──────── Data supplied
lemma knorm_psum_Tseq:
  assumes K: "bounded_kernel K"
  shows "knorm (psum (Tseq K) (Tseq K) m) \<le> (knorm K)^2"
proof (rule bounded_kernel_by_inner_bound(2))
  show "(knorm K)^2 \<ge> 0" by simp
  fix f h :: "'a \<Rightarrow> complex" assume f: "fin_supp f" and h: "fin_supp h"
  let ?r = "\<lambda>g n. l2norm (kapply (Tseq K n) g)"
  have "cmod (fin_inner h (kapply (psum (Tseq K) (Tseq K) m) f)) \<le> (\<Sum>n<m. ?r h n * ?r f n)"
    by (rule psum_form_le[OF Tseq_bounded[OF K] h f])
  also have "\<dots> \<le> L2_set (?r h) {..<m} * L2_set (?r f) {..<m}"
    using L2_set_mult_ineq[where f="?r h" and g="?r f" and A="{..<m}"] by (simp add: l2norm_nonneg)
  also have "\<dots> \<le> l2norm (kapply K h) * l2norm (kapply K f)"
    by (intro mult_mono L2_set_l2norm_Tseq_le K f h l2norm_nonneg L2_set_nonneg)
  also have "\<dots> \<le> (knorm K * l2norm h) * (knorm K * l2norm f)"
    by (intro mult_mono l2norm_kapply_le_knorm K f h l2norm_nonneg mult_nonneg_nonneg knorm_nonneg)
  also have "\<dots> = (knorm K)^2 * l2norm f * l2norm h" by (simp add: power2_eq_square)
  finally show "cmod (fin_inner h (kapply (psum (Tseq K) (Tseq K) m) f)) \<le> \<dots>" .
qed

lemma sum_l2norm_sq_le_psum:
  assumes a: "\<And>n. bounded_kernel (a n)" and C: "knorm (psum a a m) \<le> C" and f: "fin_supp f"
  shows "(\<Sum>n<m. (l2norm (kapply (a n) f))^2) \<le> C * (l2norm f)^2"
proof -
  let ?S = "psum a a m"
  have S: "bounded_kernel ?S" by (rule bounded_psum[OF a])
  have "fin_inner f (kapply ?S f) = (\<Sum>n<m. infsum (\<lambda>w. cnj (kapply (a n) f w) * kapply (a n) f w) UNIV)"
    by (rule fin_inner_psum[OF a a f f])
  also have "\<dots> = (\<Sum>n<m. complex_of_real (infsum (sqmod (kapply (a n) f)) UNIV))"
    by (rule sum.cong[OF refl])
      (simp only: cnj_mult_self infsum_of_real[OF summable_sqmod_kapply[OF a f]])
  also have "\<dots> = complex_of_real (\<Sum>n<m. (l2norm (kapply (a n) f))^2)"
    by (simp add: l2norm_sq)
  finally have inner: "fin_inner f (kapply ?S f) = complex_of_real (\<Sum>n<m. (l2norm (kapply (a n) f))^2)" .
  have "(\<Sum>n<m. (l2norm (kapply (a n) f))^2) = cmod (fin_inner f (kapply ?S f))"
    unfolding inner norm_of_real by (simp add: sum_nonneg)
  also have "\<dots> \<le> l2norm f * l2norm (kapply ?S f)"
    by (rule fin_inner_le[OF f summable_sqmod_kapply[OF S f]])
  also have "\<dots> \<le> l2norm f * (C * l2norm f)"
    using C l2norm_kapply_le_knorm[OF S f]
    by (intro mult_left_mono l2norm_nonneg) (meson l2norm_nonneg mult_right_mono order_trans)
  also have "\<dots> = C * (l2norm f)^2" by (simp add: power2_eq_square)
  finally show ?thesis .
qed

definition stack :: "(nat \<Rightarrow> ('a, 'a) kernel) \<Rightarrow> ('a \<times> nat, 'a) kernel" where
  "stack a = (\<lambda>(y, n) x. a n y x)"

lemma Tseq_stack: "Tseq (stack a) = a"
  unfolding Tseq_def stack_def by simp

lemma bounded_stack:
  assumes a: "\<And>n. bounded_kernel (a n)" and C: "\<And>m. knorm (psum a a m) \<le> C"
  shows "bounded_kernel (stack a)"
  unfolding bounded_kernel_def
proof (intro exI[of _ "sqrt C"] allI impI conjI)
  have C0: "C \<ge> 0" using knorm_nonneg[OF bounded_psum[of 0 a, OF a]] C[of 0] by linarith
  fix f :: "'a \<Rightarrow> complex" assume f: "fin_supp f"
  let ?g = "sqmod (kapply (stack a) f)"
  have g: "?g (y, n) = sqmod (kapply (a n) f) y" for y n unfolding kapply_def stack_def by simp
  have "sum ?g G \<le> C * (l2norm f)^2" if G: "finite G" for G
  proof -
    define m where "m = Suc (Max (insert 0 (snd ` G)))"
    have "G \<subseteq> fst ` G \<times> {..<m}"
    proof
      fix p assume p: "p \<in> G"
      then have "snd p < m" using G unfolding m_def by (simp add: le_imp_less_Suc)
      then show "p \<in> fst ` G \<times> {..<m}" using p by (cases p) force
    qed
    then have "sum ?g G \<le> sum ?g (fst ` G \<times> {..<m})"
      using G by (intro sum_mono2) auto
    also have "\<dots> = (\<Sum>y\<in>fst ` G. \<Sum>n<m. ?g (y, n))"
      by (simp only: sum.cartesian_product case_prod_beta' prod.collapse)
    also have "\<dots> = (\<Sum>n<m. \<Sum>y\<in>fst ` G. sqmod (kapply (a n) f) y)"
      unfolding g by (rule sum.swap)
    also have "\<dots> \<le> (\<Sum>n<m. (l2norm (kapply (a n) f))^2)"
      unfolding l2norm_sq using G
      by (intro sum_mono finite_sum_le_infsum summable_sqmod_kapply[OF a f]) auto
    also have "\<dots> \<le> C * (l2norm f)^2" by (rule sum_l2norm_sq_le_psum[OF a C f])
    finally show ?thesis .
  qed
  then have "?g summable_on UNIV" and bound: "infsum ?g UNIV \<le> C * (l2norm f)^2"
    by (auto intro!: nonneg_summable_infsum_le)
  then show "?g summable_on UNIV" by simp
  have "l2norm (kapply (stack a) f) \<le> sqrt (C * (l2norm f)^2)"
    using real_sqrt_le_mono[OF bound] by (simp only: l2norm_def)
  also have "\<dots> = sqrt C * l2norm f" using C0 by (simp add: real_sqrt_mult l2norm_nonneg)
  finally show "l2norm (kapply (stack a) f) \<le> sqrt C * l2norm f" .
qed

lemma Tseq_image_bounded_kernels:
  "Tseq ` {K. bounded_kernel K} = ell2_dual (bounded_ops :: ('a, 'a) kernel set)"
proof
  show "Tseq ` {K. bounded_kernel K} \<subseteq> ell2_dual bounded_ops"
    unfolding ell2_dual_def bounded_ops_def using Tseq_bounded knorm_psum_Tseq by blast
  show "ell2_dual bounded_ops \<subseteq> Tseq ` {K :: ('a \<times> nat, 'a) kernel. bounded_kernel K}"
  proof
    fix a :: "nat \<Rightarrow> ('a, 'a) kernel" assume "a \<in> ell2_dual bounded_ops"
    then obtain C where "\<And>n. bounded_kernel (a n)" "\<And>m. knorm (psum a a m) \<le> C"
      unfolding ell2_dual_def bounded_ops_def by blast
    then have "bounded_kernel (stack a)" by (rule bounded_stack)
    then show "a \<in> Tseq ` {K. bounded_kernel K}" using Tseq_stack[of a] by force
  qed
qed

subsection \<open>Bounded spaces: every kernel has finite propagation\<close>

lemma uniform_roeI: "bounded_kernel k \<Longrightarrow> finite_prop k \<Longrightarrow> k \<in> uniform_roe"
  unfolding uniform_roe_def using knorm_kdiff_self_le by (fastforce intro: le_less_trans)

lemma M_XNI: "bounded_kernel k \<Longrightarrow> finite_prop_M k \<Longrightarrow> k \<in> M_XN"
  unfolding M_XN_def using knorm_kdiff_self_le by (fastforce intro: le_less_trans)

lemma M_XN_bounded_space:
  assumes "bounded (UNIV::'a::metric_space set)"
  shows "(M_XN :: ('a \<times> nat, 'a) kernel set) = {K. bounded_kernel K}"
proof -
  obtain e where e: "\<And>x y::'a. dist x y \<le> e" using assms unfolding bounded_two_points by blast
  have "finite_prop_M K" for K :: "('a \<times> nat, 'a) kernel"
    unfolding finite_prop_M_def d0_def by (rule exI[of _ "e + 2"]) (smt (verit) e)
  then show ?thesis using M_XNI unfolding M_XN_def by blast
qed

lemma uniform_roe_bounded_space:
  assumes "bounded (UNIV::'a::metric_space set)"
  shows "(uniform_roe :: ('a, 'a) kernel set) = bounded_ops"
proof -
  obtain e where e: "\<And>x y::'a. dist x y \<le> e" using assms unfolding bounded_two_points by blast
  have "finite_prop K" for K :: "('a, 'a) kernel"
    unfolding finite_prop_def by (rule exI[of _ "e + 1"]) (smt (verit) e)
  then show ?thesis using uniform_roeI unfolding uniform_roe_def bounded_ops_def by blast
qed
────────────────
What is needed: Which lines in the records contain the word "lemma"? Copy each one.

Response box:
lemma knorm_psum_Tseq:
lemma sum_l2norm_sq_le_psum:
lemma Tseq_stack: "Tseq (stack a) = a"
lemma bounded_stack:
lemma Tseq_image_bounded_kernels:
lemma uniform_roeI: "bounded_kernel k \<Longrightarrow> finite_prop k \<Longrightarrow> k \<in> uniform_roe"
lemma M_XNI: "bounded_kernel k \<Longrightarrow> finite_prop_M k \<Longrightarrow> k \<in> M_XN"
lemma M_XN_bounded_space:
lemma uniform_roe_bounded_space:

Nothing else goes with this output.